Na literatura indicada na bibliografia pode-se encontrar exemplos das
experiências conduzidas por A. N. Leontiev que procuram demonstrar o papel
dos signos na atenção voluntária e na memória.
Como introduzido no capítulo anterior, e demonstrado por essas
experiências ocorre um processo de modificação na utilização dos signos. A
utilização de mediadores externos vão se transformando em processos
internos. A esse fato Vygotsky chamou processo de internalização. Esse é um
ponto fundamental para esse estudo, pois tanto o processo de internalização
como a utilização de sistemas simbólicos são fundamentais para o
desenvolvimento cognitivo e põe em evidência a importância das relações
sociais entre os indivíduos na construção dos processos psicológicos.
A utilização ou não dos mediadores externos indica que há uma
diferença qualitativa no modo como operam crianças e adultos. As crianças
pequenas não utilizam os signos externos, a partir dos 8 anos elas se
beneficiam dessa estratégia, utilizando os cartões citados na experiência.

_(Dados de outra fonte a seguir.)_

lemma avgE_eq_fibre_mean:
  assumes fin: "finite Q" and pos: "\<forall>q\<in>Q. q > 0" and TQ: "T \<subseteq> Q" and x: "x \<in> Grp Q"
  shows "avgE Q T g x = (\<Sum>z\<in>{z\<in>Grp Q. \<forall>q\<in>Q-T. z q = x q}. g z) / of_nat (\<Prod>T)"
proof -
  let ?X = "{\<xi>\<in>Grp Q. \<forall>q\<in>T. \<xi> q = 0}"
  let ?N = "of_nat (card (Grp Q)) :: complex"
  have "avgE Q T g x = (\<Sum>\<xi>\<in>?X. \<Sum>z\<in>Grp Q. g z * (cnj (echar Q \<xi> z) * echar Q \<xi> x) / ?N)"
    unfolding avgE_def fourier_def sum_divide_distrib sum_distrib_right by (simp add: mult_ac)
  also have "\<dots> = (\<Sum>z\<in>Grp Q. g z * (\<Sum>\<xi>\<in>?X. cnj (echar Q \<xi> z) * echar Q \<xi> x) / ?N)"
    by (subst sum.swap) (simp add: sum_divide_distrib sum_distrib_left)
  also have "\<dots> = (\<Sum>z\<in>Grp Q. if \<forall>q\<in>Q-T. z q = x q then g z * (of_nat (\<Prod>(Q-T)) / ?N) else 0)"
    by (intro sum.cong) (simp_all add: sum_echar_vanishing_on[OF fin pos TQ x])
  also have "\<dots> = (\<Sum>z\<in>{z\<in>Grp Q. \<forall>q\<in>Q-T. z q = x q}. g z) * (of_nat (\<Prod>(Q-T)) / ?N)"
    by (simp add: sum.inter_filter[OF finite_Grp[OF fin], symmetric] sum_distrib_right sum_divide_distrib)
  also have "of_nat (\<Prod>(Q-T)) / ?N = 1 / of_nat (\<Prod>T)"
  proof -
    have "\<Prod>Q = \<Prod>(Q-T) * \<Prod>T" using prod.subset_diff[OF TQ fin, of id] by simp
    moreover have "\<Prod>(Q-T) \<noteq> 0" "\<Prod>T \<noteq> 0" using pos TQ fin
      by (auto simp: finite_subset)
    ultimately show ?thesis unfolding card_Grp[OF fin] by (simp add: field_simps del: of_nat_prod)
  qed
  finally show ?thesis by simp
qed

lemma proj_in_Grp: "\<forall>q\<in>R. q > 0 \<Longrightarrow> proj R x \<in> Grp R"
  unfolding proj_def Grp_def by (auto simp: PiE_iff nat_less_iff)

lemma proj_eq_iff:
  assumes "g \<in> Grp R"
  shows "proj R x = g \<longleftrightarrow> (\<forall>q\<in>R. nat (x mod int q) = g q)"
  using assms unfolding proj_def Grp_def by (auto simp: PiE_iff extensional_def fun_eq_iff)

lemma proj_eq_proj_iff_cong:
  assumes fin: "finite R" and pos: "\<forall>q\<in>R. q > 0"
    and cop: "pairwise coprime R"
  shows "proj R x = proj R y \<longleftrightarrow> [x = y] (mod int (\<Prod>R))"
proof -
  have "proj R x = proj R y \<longleftrightarrow> (\<forall>q\<in>R. [x = y] (mod int q))"
    using proj_eq_iff[OF proj_in_Grp[OF pos], of x y] pos
    by (auto simp: proj_def cong_def nat_eq_iff2)
  also have "\<dots> \<longleftrightarrow> [x = y] (mod (\<Prod>q\<in>R. int q))"
  proof
    assume "\<forall>q\<in>R. [x = y] (mod int q)"
    thus "[x = y] (mod (\<Prod>q\<in>R. int q))"
      using cop by (intro cong_cong_prod_coprime) (auto simp: pairwise_def)
  next
    assume "[x = y] (mod (\<Prod>q\<in>R. int q))"
    thus "\<forall>q\<in>R. [x = y] (mod int q)"
      using fin by (auto elim: cong_dvd_modulus)
  qed
  finally show ?thesis by simp
qed

lemma proj_surj_Grp:
  assumes "finite R" "pairwise coprime R" "g \<in> Grp R"
  obtains c :: int where "proj R c = g"
proof -
  obtain c :: nat where c: "\<forall>q\<in>R. [c = g q] (mod q)"
    using chinese_remainder_nat[of R "\<lambda>q. q" g] assms(1,2) by (auto simp: pairwise_def)
  have "g q < q" if "q \<in> R" for q
    using assms(3) that unfolding Grp_def by auto
  hence "proj R (int c) = g"
    using c assms(3) by (auto simp: proj_eq_iff cong_def simp flip: of_nat_mod)
  thus thesis by (rule that)
qed

lemma proj_fibre_eq_cong_class:
  assumes "finite R" "\<forall>q\<in>R. q > 0" "pairwise coprime R" "g \<in> Grp R"
  obtains c :: int where "\<And>x. proj R x = g \<longleftrightarrow> [x = c] (mod int (\<Prod>R))"
proof -
  obtain c where "proj R c = g" using proj_surj_Grp[OF assms(1,3,4)] .
  thus thesis by (intro that) (auto simp: proj_eq_proj_iff_cong[OF assms(1-3)])
qed

lemma inj_on_proj:
  assumes "finite R" "\<forall>q\<in>R. q > 0" "pairwise coprime R"
    and A: "A \<subseteq> {x. 1 \<le> x \<and> real_of_int x \<le> X}" and X: "X \<le> real (\<Prod>R)"
  shows "inj_on (proj R) A"
proof (rule inj_onI)
  have range: "0 \<le> z - 1 \<and> z - 1 < int (\<Prod>R)" if "z \<in> A" for z
  proof -
    have "real_of_int z \<le> real_of_int (int (\<Prod>R))" using that A X by auto
    hence "z \<le> int (\<Prod>R)" by (simp only: of_int_le_iff)
    thus ?thesis using that A by auto
  qed
  fix x y assume "x \<in> A" "y \<in> A" "proj R x = proj R y"
  hence "[x - 1 = y - 1] (mod int (\<Prod>R))"
    using proj_eq_proj_iff_cong[OF assms(1-3)] cong_diff by blast
  hence "x - 1 = y - 1"
    using range[OF \<open>x \<in> A\<close>] range[OF \<open>y \<in> A\<close>] by (intro cong_less_imp_eq_int) auto
  thus "x = y" by simp
qed

lemma lift_eq_fibre_sum:
  assumes "inj_on (proj R) P"
  shows "lift P R f g =
    of_real (real (card (Grp R)) / real (card P)) * (\<Sum>x\<in>{x\<in>P. proj R x = g}. f x)"
proof (cases "\<exists>x\<in>P. proj R x = g")
  case True
  then obtain x where x: "x \<in> P" "proj R x = g" by blast
  hence "{x\<in>P. proj R x = g} = {x}" using assms by (auto dest: inj_onD)
  moreover have "(THE x'. x' \<in> P \<and> proj R x' = g) = x"
    using x assms by (auto dest: inj_onD)
  ultimately show ?thesis unfolding lift_def using x by auto
next
  case False
  hence "{x\<in>P. proj R x = g} = {}" by auto
  moreover have "lift P R f g = 0" unfolding lift_def using False by auto
  ultimately show ?thesis by (simp only: sum.empty mult_zero_right)
qed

Os adultos também abandonam os cartões, mas demonstram a
utilização de um processo similar interno, utilizando a sua própria linguagem
para mediar a sua memória.
Isso nos indica que ao longo do processo de desenvolvimento o
indivíduo abandona a necessidade de marcas externas e passa utilizar signos
internos que são representações mentais substitutas dos objetos do mundo
real.
Dessa forma, fica claro que a utilização da linguagem catalisa o
pensamento humano. Ao longo do desenvolvimento ontogenético, o indivíduo
experimenta mudanças qualitativas em suas estratégias de operar com os
signos. Essa operação torna-se cada vez mais interna promovendo a maior
utilização de suas possibilidades orgânicas que dão suporte às funções
mentais.
Essa é mais uma das pistas deixadas por Vygotsky no sentido de
demonstrar que a utilização de processos de mediação simbólica participam
dialeticamente na transformação do substrato biológico e dos processos
mentais humanos resultando mudanças qualitativas durante o desenvolvimento
do indivíduo.
Tendo em vista o anteriormente tratado, consideremos um resumo das
características dos processos de desenvolvimento psicológico envolvidos com
as práticas educativas propostas por Ricardo Baquero :
O desenvolvimento cultural é um processo artificial. Pode-se afirmar que a
“educação” possui um papel inerente (não meramente coadjuvante) nos processos de
desenvolvimento.
Deste
modo,
o
desenvolvimento
e,
particularmente,
o
desenvolvimento em que no campo da teoria se denominam Processos Psicológicos
Superiores, é um processo artificial.
Os vetores do desenvolvimento estão dirigidos à promoção de graus crescentes
de domínio autônomo (consciente e voluntário) e descontextualizado dos instrumentos
de mediação.
O anterior implica obter sucessos crescentes no domínio da natureza, da
cultura e sobre si mesmo.
Diante disso, podemos concluir que os processos educativos devem
assegurar o domínio dos instrumentos de mediação de forma que o indivíduo
tenha meios de realizar a reestruturação das suas funções psicológicas
permitindo que o seu desenvolvimento ocorra na direção de um crescente
controle sobre as próprias operações intelectuais.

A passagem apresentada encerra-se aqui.